<<<<

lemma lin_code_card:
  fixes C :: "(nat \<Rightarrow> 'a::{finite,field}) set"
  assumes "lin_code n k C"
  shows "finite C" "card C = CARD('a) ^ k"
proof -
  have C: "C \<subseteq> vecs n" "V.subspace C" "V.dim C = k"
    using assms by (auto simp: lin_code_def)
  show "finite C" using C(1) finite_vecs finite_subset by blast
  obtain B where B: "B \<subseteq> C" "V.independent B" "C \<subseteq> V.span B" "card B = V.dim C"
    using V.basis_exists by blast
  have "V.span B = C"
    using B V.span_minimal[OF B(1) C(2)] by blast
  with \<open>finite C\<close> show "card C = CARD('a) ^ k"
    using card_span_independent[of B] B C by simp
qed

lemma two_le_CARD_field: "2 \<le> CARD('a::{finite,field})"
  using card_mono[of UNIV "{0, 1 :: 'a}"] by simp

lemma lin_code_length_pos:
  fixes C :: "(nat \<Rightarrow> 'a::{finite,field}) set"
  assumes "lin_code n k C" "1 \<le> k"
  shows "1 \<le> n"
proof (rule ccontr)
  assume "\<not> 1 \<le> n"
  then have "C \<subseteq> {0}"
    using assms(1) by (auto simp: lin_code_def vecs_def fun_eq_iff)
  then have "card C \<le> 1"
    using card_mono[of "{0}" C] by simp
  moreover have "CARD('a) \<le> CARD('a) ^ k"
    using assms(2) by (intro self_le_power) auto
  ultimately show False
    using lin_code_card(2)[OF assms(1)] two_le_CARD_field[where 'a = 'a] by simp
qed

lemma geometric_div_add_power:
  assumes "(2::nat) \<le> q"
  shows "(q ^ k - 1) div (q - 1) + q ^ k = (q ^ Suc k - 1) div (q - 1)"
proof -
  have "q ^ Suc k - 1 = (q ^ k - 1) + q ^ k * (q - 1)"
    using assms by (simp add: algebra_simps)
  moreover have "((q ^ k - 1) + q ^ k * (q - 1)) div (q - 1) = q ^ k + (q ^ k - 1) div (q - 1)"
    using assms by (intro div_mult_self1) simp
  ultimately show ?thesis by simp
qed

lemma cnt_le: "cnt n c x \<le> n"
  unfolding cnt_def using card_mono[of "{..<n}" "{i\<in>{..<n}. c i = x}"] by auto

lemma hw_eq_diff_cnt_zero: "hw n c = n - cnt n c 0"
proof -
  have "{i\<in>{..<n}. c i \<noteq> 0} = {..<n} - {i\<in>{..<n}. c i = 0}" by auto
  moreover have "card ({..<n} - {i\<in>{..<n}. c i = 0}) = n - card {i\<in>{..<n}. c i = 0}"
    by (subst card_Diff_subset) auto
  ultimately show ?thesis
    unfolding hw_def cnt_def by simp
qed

>>>>
<<<<

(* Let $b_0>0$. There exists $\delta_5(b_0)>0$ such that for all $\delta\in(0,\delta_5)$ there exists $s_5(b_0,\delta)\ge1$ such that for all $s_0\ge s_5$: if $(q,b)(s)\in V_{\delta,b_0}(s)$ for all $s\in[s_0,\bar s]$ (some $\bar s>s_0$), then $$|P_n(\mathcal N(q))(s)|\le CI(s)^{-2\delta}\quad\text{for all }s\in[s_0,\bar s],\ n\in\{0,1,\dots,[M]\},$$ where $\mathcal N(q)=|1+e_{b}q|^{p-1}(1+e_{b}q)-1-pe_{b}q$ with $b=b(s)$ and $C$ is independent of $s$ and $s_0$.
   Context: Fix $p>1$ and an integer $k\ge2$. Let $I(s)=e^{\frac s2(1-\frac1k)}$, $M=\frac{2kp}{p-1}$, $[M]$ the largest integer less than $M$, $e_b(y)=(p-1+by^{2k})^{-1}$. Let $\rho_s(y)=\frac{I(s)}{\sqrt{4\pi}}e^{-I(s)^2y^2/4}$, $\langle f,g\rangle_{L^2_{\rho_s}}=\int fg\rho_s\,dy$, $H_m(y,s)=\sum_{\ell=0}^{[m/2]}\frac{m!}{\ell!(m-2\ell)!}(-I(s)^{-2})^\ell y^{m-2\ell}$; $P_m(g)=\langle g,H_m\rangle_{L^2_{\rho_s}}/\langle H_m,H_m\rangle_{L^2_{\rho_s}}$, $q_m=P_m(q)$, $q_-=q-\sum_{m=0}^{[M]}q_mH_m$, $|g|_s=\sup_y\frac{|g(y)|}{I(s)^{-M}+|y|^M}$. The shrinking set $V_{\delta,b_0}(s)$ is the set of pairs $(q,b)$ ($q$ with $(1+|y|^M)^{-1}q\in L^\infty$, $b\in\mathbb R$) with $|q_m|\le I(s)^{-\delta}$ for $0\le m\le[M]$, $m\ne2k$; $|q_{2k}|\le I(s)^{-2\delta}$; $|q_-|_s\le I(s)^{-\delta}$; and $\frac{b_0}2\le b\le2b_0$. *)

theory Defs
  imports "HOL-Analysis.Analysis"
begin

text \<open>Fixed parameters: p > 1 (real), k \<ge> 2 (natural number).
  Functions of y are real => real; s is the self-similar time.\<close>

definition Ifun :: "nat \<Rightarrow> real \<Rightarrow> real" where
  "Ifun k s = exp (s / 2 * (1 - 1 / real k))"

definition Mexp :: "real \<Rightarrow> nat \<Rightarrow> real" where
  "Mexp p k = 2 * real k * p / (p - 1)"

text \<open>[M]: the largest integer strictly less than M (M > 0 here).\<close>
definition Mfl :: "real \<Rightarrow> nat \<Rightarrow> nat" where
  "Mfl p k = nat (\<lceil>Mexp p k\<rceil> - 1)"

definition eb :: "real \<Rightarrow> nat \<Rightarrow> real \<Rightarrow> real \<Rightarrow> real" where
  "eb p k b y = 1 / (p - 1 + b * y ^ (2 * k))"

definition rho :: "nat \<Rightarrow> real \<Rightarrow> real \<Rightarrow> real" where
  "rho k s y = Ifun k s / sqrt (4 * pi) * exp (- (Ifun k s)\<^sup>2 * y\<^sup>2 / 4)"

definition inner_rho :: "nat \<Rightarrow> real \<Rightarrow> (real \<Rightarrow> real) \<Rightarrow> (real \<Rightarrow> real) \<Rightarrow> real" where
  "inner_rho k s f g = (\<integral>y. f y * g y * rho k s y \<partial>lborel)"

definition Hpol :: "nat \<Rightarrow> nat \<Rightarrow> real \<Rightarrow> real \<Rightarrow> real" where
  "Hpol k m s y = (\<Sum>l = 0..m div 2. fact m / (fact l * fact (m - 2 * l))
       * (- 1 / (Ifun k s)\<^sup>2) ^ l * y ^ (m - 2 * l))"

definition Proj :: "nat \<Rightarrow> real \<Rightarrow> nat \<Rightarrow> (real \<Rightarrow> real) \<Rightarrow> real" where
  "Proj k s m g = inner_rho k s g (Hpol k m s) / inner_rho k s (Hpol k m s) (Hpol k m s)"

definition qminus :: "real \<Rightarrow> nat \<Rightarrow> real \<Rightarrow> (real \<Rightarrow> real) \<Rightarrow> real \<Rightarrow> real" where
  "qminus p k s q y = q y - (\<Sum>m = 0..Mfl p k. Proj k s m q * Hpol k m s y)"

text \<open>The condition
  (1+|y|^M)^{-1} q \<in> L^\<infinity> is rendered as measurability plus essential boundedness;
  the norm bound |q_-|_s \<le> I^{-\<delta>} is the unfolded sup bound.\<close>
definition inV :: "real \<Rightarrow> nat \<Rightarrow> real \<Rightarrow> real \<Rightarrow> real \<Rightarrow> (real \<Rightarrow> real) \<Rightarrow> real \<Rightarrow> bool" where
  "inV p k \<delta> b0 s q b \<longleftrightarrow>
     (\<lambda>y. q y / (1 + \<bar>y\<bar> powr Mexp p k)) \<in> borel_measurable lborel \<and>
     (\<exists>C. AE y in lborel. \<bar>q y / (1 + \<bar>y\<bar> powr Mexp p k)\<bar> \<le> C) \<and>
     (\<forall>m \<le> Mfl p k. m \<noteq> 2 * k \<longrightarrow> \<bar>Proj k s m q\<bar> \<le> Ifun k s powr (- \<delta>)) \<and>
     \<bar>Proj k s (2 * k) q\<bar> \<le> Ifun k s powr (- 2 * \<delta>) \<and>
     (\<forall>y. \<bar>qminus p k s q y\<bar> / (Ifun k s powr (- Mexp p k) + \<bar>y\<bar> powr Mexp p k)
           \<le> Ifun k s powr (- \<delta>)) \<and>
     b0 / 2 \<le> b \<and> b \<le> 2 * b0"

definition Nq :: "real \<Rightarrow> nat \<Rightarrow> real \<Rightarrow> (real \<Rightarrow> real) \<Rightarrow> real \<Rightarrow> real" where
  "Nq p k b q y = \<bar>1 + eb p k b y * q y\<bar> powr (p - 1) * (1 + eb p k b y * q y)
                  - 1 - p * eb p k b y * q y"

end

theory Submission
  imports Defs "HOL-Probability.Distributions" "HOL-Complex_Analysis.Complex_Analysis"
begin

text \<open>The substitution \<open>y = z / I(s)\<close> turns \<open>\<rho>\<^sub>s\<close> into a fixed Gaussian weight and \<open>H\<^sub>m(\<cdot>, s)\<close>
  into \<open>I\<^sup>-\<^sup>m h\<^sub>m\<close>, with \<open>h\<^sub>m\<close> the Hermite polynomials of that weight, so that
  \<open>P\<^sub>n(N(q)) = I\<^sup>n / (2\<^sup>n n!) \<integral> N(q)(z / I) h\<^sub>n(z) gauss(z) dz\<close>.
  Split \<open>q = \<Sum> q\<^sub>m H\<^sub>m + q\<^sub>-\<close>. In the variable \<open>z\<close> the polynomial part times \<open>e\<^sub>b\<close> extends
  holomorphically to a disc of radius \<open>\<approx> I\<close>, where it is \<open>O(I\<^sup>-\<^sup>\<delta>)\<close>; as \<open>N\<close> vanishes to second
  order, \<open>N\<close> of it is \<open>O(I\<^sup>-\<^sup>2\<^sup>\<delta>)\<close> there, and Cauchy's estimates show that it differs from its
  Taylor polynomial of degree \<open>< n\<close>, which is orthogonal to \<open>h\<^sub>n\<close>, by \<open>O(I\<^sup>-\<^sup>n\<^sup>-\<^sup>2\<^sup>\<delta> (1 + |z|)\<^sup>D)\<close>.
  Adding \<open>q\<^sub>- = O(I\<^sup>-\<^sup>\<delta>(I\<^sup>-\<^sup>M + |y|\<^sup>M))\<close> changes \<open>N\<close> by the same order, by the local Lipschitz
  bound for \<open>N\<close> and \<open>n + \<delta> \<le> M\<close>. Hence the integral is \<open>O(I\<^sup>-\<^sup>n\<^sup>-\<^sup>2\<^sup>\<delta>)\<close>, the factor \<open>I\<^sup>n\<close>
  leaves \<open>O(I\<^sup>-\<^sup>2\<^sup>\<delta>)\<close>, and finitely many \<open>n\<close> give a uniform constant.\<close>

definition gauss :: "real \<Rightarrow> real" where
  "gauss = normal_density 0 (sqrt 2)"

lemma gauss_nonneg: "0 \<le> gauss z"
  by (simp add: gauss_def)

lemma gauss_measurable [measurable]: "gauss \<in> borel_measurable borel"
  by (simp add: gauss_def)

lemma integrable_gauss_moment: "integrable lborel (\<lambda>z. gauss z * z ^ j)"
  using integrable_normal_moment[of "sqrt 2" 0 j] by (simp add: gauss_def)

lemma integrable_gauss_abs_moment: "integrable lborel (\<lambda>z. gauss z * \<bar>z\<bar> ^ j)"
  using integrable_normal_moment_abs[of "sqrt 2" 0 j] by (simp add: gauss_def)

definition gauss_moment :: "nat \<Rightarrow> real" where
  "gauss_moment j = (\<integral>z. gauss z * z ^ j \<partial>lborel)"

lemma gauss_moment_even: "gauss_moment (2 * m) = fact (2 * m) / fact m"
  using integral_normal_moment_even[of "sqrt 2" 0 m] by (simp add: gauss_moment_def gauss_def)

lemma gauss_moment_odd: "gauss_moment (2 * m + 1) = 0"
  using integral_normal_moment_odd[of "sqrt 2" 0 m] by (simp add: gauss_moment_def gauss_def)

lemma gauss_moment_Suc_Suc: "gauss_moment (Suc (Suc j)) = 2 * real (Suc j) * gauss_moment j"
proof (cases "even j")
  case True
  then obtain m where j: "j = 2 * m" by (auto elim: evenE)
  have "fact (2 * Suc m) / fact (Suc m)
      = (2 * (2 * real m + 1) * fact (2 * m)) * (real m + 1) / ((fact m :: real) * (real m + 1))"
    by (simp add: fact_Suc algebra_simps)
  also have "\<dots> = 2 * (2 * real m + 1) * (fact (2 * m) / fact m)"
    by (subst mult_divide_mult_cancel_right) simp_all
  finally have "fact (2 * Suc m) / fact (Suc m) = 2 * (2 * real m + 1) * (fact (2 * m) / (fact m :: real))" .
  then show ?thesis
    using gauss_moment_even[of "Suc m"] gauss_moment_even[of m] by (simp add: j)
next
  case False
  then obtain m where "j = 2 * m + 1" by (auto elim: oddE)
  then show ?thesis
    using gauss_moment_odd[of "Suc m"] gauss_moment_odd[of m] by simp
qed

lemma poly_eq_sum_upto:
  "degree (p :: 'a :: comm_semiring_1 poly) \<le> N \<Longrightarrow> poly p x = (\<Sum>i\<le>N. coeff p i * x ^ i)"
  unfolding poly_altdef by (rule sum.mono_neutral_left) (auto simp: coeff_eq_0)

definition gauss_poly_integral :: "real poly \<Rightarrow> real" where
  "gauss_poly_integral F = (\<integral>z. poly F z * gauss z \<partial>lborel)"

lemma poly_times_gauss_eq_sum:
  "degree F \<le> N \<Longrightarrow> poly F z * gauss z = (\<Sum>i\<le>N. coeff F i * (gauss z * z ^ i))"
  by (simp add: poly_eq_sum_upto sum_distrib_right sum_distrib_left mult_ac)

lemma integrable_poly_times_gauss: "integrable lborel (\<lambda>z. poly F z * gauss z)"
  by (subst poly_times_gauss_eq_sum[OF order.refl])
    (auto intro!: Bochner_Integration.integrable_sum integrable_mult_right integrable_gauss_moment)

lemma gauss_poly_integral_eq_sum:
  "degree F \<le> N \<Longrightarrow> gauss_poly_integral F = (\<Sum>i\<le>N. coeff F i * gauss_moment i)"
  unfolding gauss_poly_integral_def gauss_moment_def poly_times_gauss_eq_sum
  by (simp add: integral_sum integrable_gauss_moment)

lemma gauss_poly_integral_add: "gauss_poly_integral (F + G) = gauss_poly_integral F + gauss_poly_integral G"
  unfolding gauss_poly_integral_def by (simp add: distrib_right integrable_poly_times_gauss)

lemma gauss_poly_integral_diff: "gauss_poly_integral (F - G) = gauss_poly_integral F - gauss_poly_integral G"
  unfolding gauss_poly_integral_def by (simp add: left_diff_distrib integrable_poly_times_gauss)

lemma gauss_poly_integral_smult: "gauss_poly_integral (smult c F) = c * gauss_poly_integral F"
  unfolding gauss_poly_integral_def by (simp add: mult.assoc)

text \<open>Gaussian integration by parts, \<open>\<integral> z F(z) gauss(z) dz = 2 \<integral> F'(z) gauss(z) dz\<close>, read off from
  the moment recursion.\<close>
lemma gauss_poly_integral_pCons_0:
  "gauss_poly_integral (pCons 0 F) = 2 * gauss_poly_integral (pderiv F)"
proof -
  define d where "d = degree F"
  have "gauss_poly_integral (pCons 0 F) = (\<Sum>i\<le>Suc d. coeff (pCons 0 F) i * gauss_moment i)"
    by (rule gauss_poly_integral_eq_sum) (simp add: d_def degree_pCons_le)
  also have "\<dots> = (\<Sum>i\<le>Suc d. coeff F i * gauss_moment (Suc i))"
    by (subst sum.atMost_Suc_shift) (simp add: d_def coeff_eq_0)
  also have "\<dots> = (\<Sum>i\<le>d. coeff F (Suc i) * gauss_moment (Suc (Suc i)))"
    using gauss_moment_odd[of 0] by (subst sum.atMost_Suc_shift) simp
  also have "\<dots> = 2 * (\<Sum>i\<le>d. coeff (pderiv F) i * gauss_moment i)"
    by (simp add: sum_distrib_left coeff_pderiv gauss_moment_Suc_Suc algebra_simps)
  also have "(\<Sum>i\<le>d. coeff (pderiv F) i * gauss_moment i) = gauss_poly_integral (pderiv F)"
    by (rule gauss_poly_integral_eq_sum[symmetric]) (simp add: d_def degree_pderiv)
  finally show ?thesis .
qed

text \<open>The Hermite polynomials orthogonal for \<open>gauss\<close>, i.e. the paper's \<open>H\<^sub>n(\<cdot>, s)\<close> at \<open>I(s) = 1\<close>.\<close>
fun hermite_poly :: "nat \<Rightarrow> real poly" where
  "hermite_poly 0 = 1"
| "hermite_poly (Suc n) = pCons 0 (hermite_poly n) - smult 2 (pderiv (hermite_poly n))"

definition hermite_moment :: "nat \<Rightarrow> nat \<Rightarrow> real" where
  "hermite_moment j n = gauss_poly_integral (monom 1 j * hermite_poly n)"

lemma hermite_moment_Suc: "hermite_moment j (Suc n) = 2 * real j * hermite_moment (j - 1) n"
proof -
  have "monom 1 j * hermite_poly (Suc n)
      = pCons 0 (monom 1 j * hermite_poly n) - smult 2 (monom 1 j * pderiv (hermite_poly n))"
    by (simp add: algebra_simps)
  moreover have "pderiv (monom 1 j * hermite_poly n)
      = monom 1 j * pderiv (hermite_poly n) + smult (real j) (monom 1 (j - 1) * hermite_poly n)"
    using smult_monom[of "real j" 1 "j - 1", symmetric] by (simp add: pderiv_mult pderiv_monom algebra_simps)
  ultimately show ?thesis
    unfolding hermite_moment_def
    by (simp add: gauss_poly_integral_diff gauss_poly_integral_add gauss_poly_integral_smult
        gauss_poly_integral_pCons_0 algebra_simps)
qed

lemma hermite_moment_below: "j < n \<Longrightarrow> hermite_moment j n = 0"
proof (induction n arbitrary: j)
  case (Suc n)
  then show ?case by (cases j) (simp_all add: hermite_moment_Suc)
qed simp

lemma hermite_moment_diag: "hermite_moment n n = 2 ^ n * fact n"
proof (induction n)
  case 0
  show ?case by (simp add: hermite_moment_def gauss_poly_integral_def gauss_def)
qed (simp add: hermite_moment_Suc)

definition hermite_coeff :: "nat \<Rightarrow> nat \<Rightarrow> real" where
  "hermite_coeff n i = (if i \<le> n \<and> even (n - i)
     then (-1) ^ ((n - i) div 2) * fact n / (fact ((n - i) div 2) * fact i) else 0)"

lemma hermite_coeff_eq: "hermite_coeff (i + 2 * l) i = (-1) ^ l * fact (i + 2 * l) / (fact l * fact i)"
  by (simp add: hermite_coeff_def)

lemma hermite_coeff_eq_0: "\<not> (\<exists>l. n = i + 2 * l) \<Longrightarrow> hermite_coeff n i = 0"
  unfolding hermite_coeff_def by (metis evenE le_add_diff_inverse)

>>>>

### ASSIGNMENT
Each line in the listing above from the one containing "text \<open>The Hermite" through the one containing "pCons 0 (hermite_poly" should be repeated exactly, and no other line.

### RESPONSE BOX
text \<open>The Hermite polynomials orthogonal for \<open>gauss\<close>, i.e. the paper's \<open>H\<^sub>n(\<cdot>, s)\<close> at \<open>I(s) = 1\<close>.\<close>
fun hermite_poly :: "nat \<Rightarrow> real poly" where
  "hermite_poly 0 = 1"
| "hermite_poly (Suc n) = pCons 0 (hermite_poly n) - smult 2 (pderiv (hermite_poly n))"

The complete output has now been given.